Were I stranded for a couple months with nothing but Dalkey’s spring ’08 lineup, I don’t think I’d mind. There’s really a lot of very-intriguing sounding stuff here. These are my favorites from this strong season.
First-off, Dalkey is happily giving me more of two of my favorite non-American authors. First is Jean-Philippe Toussaint, whose short comic novel Television, which reads kind of like a book Jim Jarmusch would have written, made a wonderful impression on me when Dalkey published it a couple years back. Now they are publishing Monsieur (June, trans. John Lambert), more of Toussaint’s trademark style of having nothing really happen, but making it all deadpan hilarious and somehow meaningful.
After Toussaint I am looking forward to Estonian Mati Unt, author of the previously translated (by Dalkey) surrealist Things in the Night. (Read my review here.) Now they bring us Diary of a Blood Donor (May, trans. Ants Eert), which is being billed as "a postmodern tale of vampires and a mysterious trip to Leningrad."
Probably the best-known Portuguese author in the U.S., Antonio Lobo Atunes, sees his book Knowledge of Hell published in English in March (trans. Clifford E. Landers). Apparently, the "hell" here refers to the narrator’s job, as this is a book narrated by a psychologist who hates psychology and who is driving back to work from a vacation. The book mixes Portugal’s colonial past with Angola with elements of the surreal and, of course, thoughts on modern-day psychology.
Last fall I was impressed by, if not wholly taken with, Place-names by French New Novelist Jean Ricardou. This spring Dalkey is publishing a book that sounds somewhat similar in its construction, as well as in its playfulness and willingness to break down our concept of a novel. Hotel Crystal (May, Oliver Rolin, trans.
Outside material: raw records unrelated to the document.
lemma quat_lattice_contains_norm:
  assumes n: "n > 0" "n dvd x^2 + y^2 + 1"
  obtains v where "v \<in> quat_lattice n x y" and "quat_norm v = n"
proof -
  let ?L = "quat_lattice n x y"
  have in_L: "(n, 0, 0, 0) \<in> ?L" "(x, y, 1, 0) \<in> ?L" "(x + n, y, 1, 0) \<in> ?L" "(x, y + n, 1, 0) \<in> ?L"
    unfolding quat_lattice_def by simp_all
  obtain q where q: "q \<in> ?L" "q \<noteq> (0, 0, 0, 0)"
    and least: "\<And>w. w \<in> ?L \<and> w \<noteq> (0, 0, 0, 0) \<Longrightarrow> nat (quat_norm q) \<le> nat (quat_norm w)"
    using ex_has_least_nat[of "\<lambda>w. w \<in> ?L \<and> w \<noteq> (0, 0, 0, 0)" "(n, 0, 0, 0)" "\<lambda>w. nat (quat_norm w)"]
      in_L(1) n(1) by auto
  have dvd_norm: "quat_norm q dvd quat_norm v" if "v \<in> ?L" for v
  proof (rule min_norm_dvd_norm[of ?L])
    show "quat_norm q \<le> quat_norm w" if "w \<in> ?L" "w \<noteq> (0, 0, 0, 0)" for w
      using least[of w] that quat_norm_nonneg[of w] by simp
  qed (use q that quat_lattice_diff quat_lattice_mult[OF n(2)] in auto)
  have dvd: "quat_norm q dvd n * n" "quat_norm q dvd x^2 + y^2 + 1"
    "quat_norm q dvd (x + n)^2 + y^2 + 1" "quat_norm q dvd x^2 + (y + n)^2 + 1"
    using dvd_norm[OF in_L(1)] dvd_norm[OF in_L(2)] dvd_norm[OF in_L(3)] dvd_norm[OF in_L(4)]
    by (simp_all add: power2_eq_square)
  obtain k where k: "quat_norm q = n * k" using quat_lattice_norm_dvd[OF n(2) q(1)] ..
  have "k dvd n" using dvd(1) n(1) unfolding k by simp
  have "n * k dvd n * (2*x + n)" "n * k dvd n * (2*y + n)"
    using dvd_diff[OF dvd(3) dvd(2)] dvd_diff[OF dvd(4) dvd(2)] unfolding k
    by (simp_all add: power2_eq_square algebra_simps)
  then have "k dvd 2*x" "k dvd 2*y" using \<open>k dvd n\<close> n(1) by (simp_all add: dvd_add_left_iff)
  moreover have "k^2 dvd x^2 + y^2 + 1"
    using dvd(2) \<open>k dvd n\<close> unfolding k power2_eq_square by (meson dvd_trans mult_dvd_mono dvd_refl)
  ultimately have "is_unit k" by (rule is_unit_if_dvd_sum_squares_plus_one)
  moreover have "k > 0" using quat_norm_pos[OF q(2)] n(1) unfolding k by (simp add: zero_less_mult_iff)
  ultimately have "quat_norm q = n" unfolding k by simp
  with q(1) show thesis by (rule that)
qed

lemma quat_lattice_norm_eq_coprime:
  assumes n: "n > 0" "n dvd x^2 + y^2 + 1"
    and v: "(a, b, c, d) \<in> quat_lattice n x y" and norm: "quat_norm (a, b, c, d) = n"
  shows "gcd (gcd a b) (gcd c d) = 1"
proof -
  define g where "g = gcd (gcd a b) (gcd c d)"
  have "g dvd a" "g dvd b" "g dvd c" "g dvd d"
    unfolding g_def by (meson dvd_trans gcd_dvd1 gcd_dvd2)+
  then obtain a' b' c' d' where abcd: "a = g*a'" "b = g*b'" "c = g*c'" "d = g*d'"
    by (auto elim!: dvdE)
  define m where "m = quat_norm (a', b', c', d')"
  have n_eq: "n = g * (g * m)"
    using norm unfolding abcd m_def by (simp add: power2_eq_square algebra_simps)
  have "g \<noteq> 0" using n(1) n_eq by auto
  then have g: "g > 0" unfolding g_def by (simp add: order_le_neq_trans)
  have "m > 0" using n(1) g unfolding n_eq by (simp add: zero_less_mult_iff)
  have "g * (g * m) dvd g * (a' - x*c' - y*d')" "g * (g * m) dvd g * (b' - y*c' + x*d')"
    using v unfolding quat_lattice_def abcd n_eq by (simp_all add: algebra_simps)
  then have "(a', b', c', d') \<in> quat_lattice (g * m) x y"
    using g unfolding quat_lattice_def by simp
  moreover have "g * m dvd x^2 + y^2 + 1" using n(2) unfolding n_eq by (rule dvd_mult_right)
  ultimately have "g * m dvd m" unfolding m_def by (rule quat_lattice_norm_dvd[rotated])
  then have "g * m \<le> 1 * m" using \<open>m > 0\<close> by (simp add: zdvd_imp_le)
  then have "g \<le> 1" using \<open>m > 0\<close> by (rule mult_right_le_imp_le)
  then show ?thesis using g unfolding g_def[symmetric] by simp
qed

lemma quat_lattice_zero_pair_dvd:
  assumes n: "n dvd x^2 + y^2 + 1" and y: "coprime y n" and v: "(a, b, c, d) \<in> quat_lattice n x y"
  shows "c = 0 \<and> d = 0 \<Longrightarrow> n dvd a \<and> n dvd b"
    and "a = 0 \<and> b = 0 \<Longrightarrow> n dvd c \<and> n dvd d"
    and "a = 0 \<and> c = 0 \<Longrightarrow> n dvd b \<and> n dvd d"
    and "b = 0 \<and> d = 0 \<Longrightarrow> n dvd a \<and> n dvd c"
proof -
  have A: "n dvd a - x*c - y*d" and B: "n dvd b - y*c + x*d"
    using v unfolding quat_lattice_def by simp_all
  show "c = 0 \<and> d = 0 \<Longrightarrow> n dvd a \<and> n dvd b" using A B by simp
  show "n dvd b \<and> n dvd d" if ac: "a = 0 \<and> c = 0"
  proof -
    have "n dvd d" using A y ac by (simp add: coprime_commute coprime_dvd_mult_right_iff)
    moreover have "n dvd (b + x*d) - x*d" using B ac \<open>n dvd d\<close> by (intro dvd_diff) simp_all
    ultimately show ?thesis by simp
  qed
  show "n dvd a \<and> n dvd c" if bd: "b = 0 \<and> d = 0"
  proof -
    have "n dvd c" using B y bd by (simp add: coprime_commute coprime_dvd_mult_right_iff)
    moreover have "n dvd (a - x*c) + x*c" using A bd \<open>n dvd c\<close> by (intro dvd_add) simp_all
    ultimately show ?thesis by simp
  qed
  assume "a = 0 \<and> b = 0"
  then have u: "n dvd x*c + y*d" and w: "n dvd y*c - x*d"
    using dvd_minus_iff[THEN iffD2, OF A] dvd_minus_iff[THEN iffD2, OF B] by (simp_all add: algebra_simps)
  have "c = (x^2 + y^2 + 1)*c - x*(x*c + y*d) - y*(y*c - x*d)"
    "d = (x^2 + y^2 + 1)*d - y*(x*c + y*d) + x*(y*c - x*d)"
    by (simp_all add: algebra_simps power2_eq_square)
  moreover have "n dvd (x^2 + y^2 + 1)*c - x*(x*c + y*d) - y*(y*c - x*d)"
    "n dvd (x^2 + y^2 + 1)*d - y*(x*c + y*d) + x*(y*c - x*d)"
    using dvd_mult2[OF n] dvd_mult[OF u] dvd_mult[OF w] by (blast intro: dvd_add dvd_diff)+
  ultimately show "n dvd c \<and> n dvd d" by simp
qed

lemma quat_lattice_zero_cross_pair_dvd:
  assumes v: "(a, b, c, d) \<in> quat_lattice n x y" and coprime: "gcd (gcd a b) (gcd c d) = 1"
  shows "a = 0 \<and> d = 0 \<Longrightarrow> n dvd x"
    and "b = 0 \<and> c = 0 \<Longrightarrow> n dvd x"
proof -
  have A: "n dvd a - x*c - y*d" and B: "n dvd b - y*c + x*d"
    using v unfolding quat_lattice_def by simp_all
  show "n dvd x" if ad: "a = 0 \<and> d = 0"
  proof -
    have "coprime n c"
    proof (rule coprimeI)
      fix e assume e: "e dvd n" "e dvd c"
      have "n dvd b - y*c" using B ad by simp
      with e have "e dvd (b - y*c) + y*c" by (blast intro: dvd_add dvd_mult dvd_trans[OF e(1)])
      then have "e dvd gcd (gcd a b) (gcd c d)" using ad e(2) by simp
      then show "is_unit e" using coprime by simp
    qed
    then show ?thesis using A ad by (simp add: coprime_dvd_mult_left_iff)
  qed
  show "n dvd x" if bc: "b = 0 \<and> c = 0"
  proof -
    have "coprime n d"
    proof (rule coprimeI)
      fix e assume e: "e dvd n" "e dvd d"
      have "n dvd a - y*d" using A bc by simp
      with e have "e dvd (a - y*d) + y*d" by (blast intro: dvd_add dvd_mult dvd_trans[OF e(1)])
      then have "e dvd gcd (gcd a b) (gcd c d)" using bc e(2) by simp
      then show "is_unit e" using coprime by simp
    qed
    then show ?thesis using B bc by (simp add: coprime_dvd_mult_left_iff)
  qed
qed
Jane Kuntz) is a manuscript scribbled on bits of hotel stationary and postcards, ostensibly assembled by an impartial editor, consisting of descriptions of hotel rooms. Fear not, as the text soon bends toward shadowy networks, thuggery, and spy spoofs.
Makbara (July, Juan Goytisolo, trans. Helen Lane) is not only the name of a novel but also, says the Dalkey catalog, Arab for the place in cemeteries where people carry on relations. That’s about all the catalog tells us about this book, but that’s enough. (It also bills Goytisolo at "Spain’s greatest living writer.")
There is some good criticism to be had in this catalog. Dalkey publishes yet another book from Viktor Shklovsky (to add to their 6 others), Literature and Cinematography (June, trans. Irina Masinovsky). It’s a short (75 pages) manifesto about the function of arts and, obviously, literature’s relationship to film. Originally published in 1923.
Then there is Fiction Now, (August, Warren Motte) an overview of contemporary French novelists.
And then we have Intersections (July), a collection of 17 essays on the works of Richard Powers. Appropriately enough for Powers, the essays have a wide range (photography, systems theory, ecocriticism, and neuroscience are all mentioned). Powers himself contributes an essay, as well as does Sven Birkerts.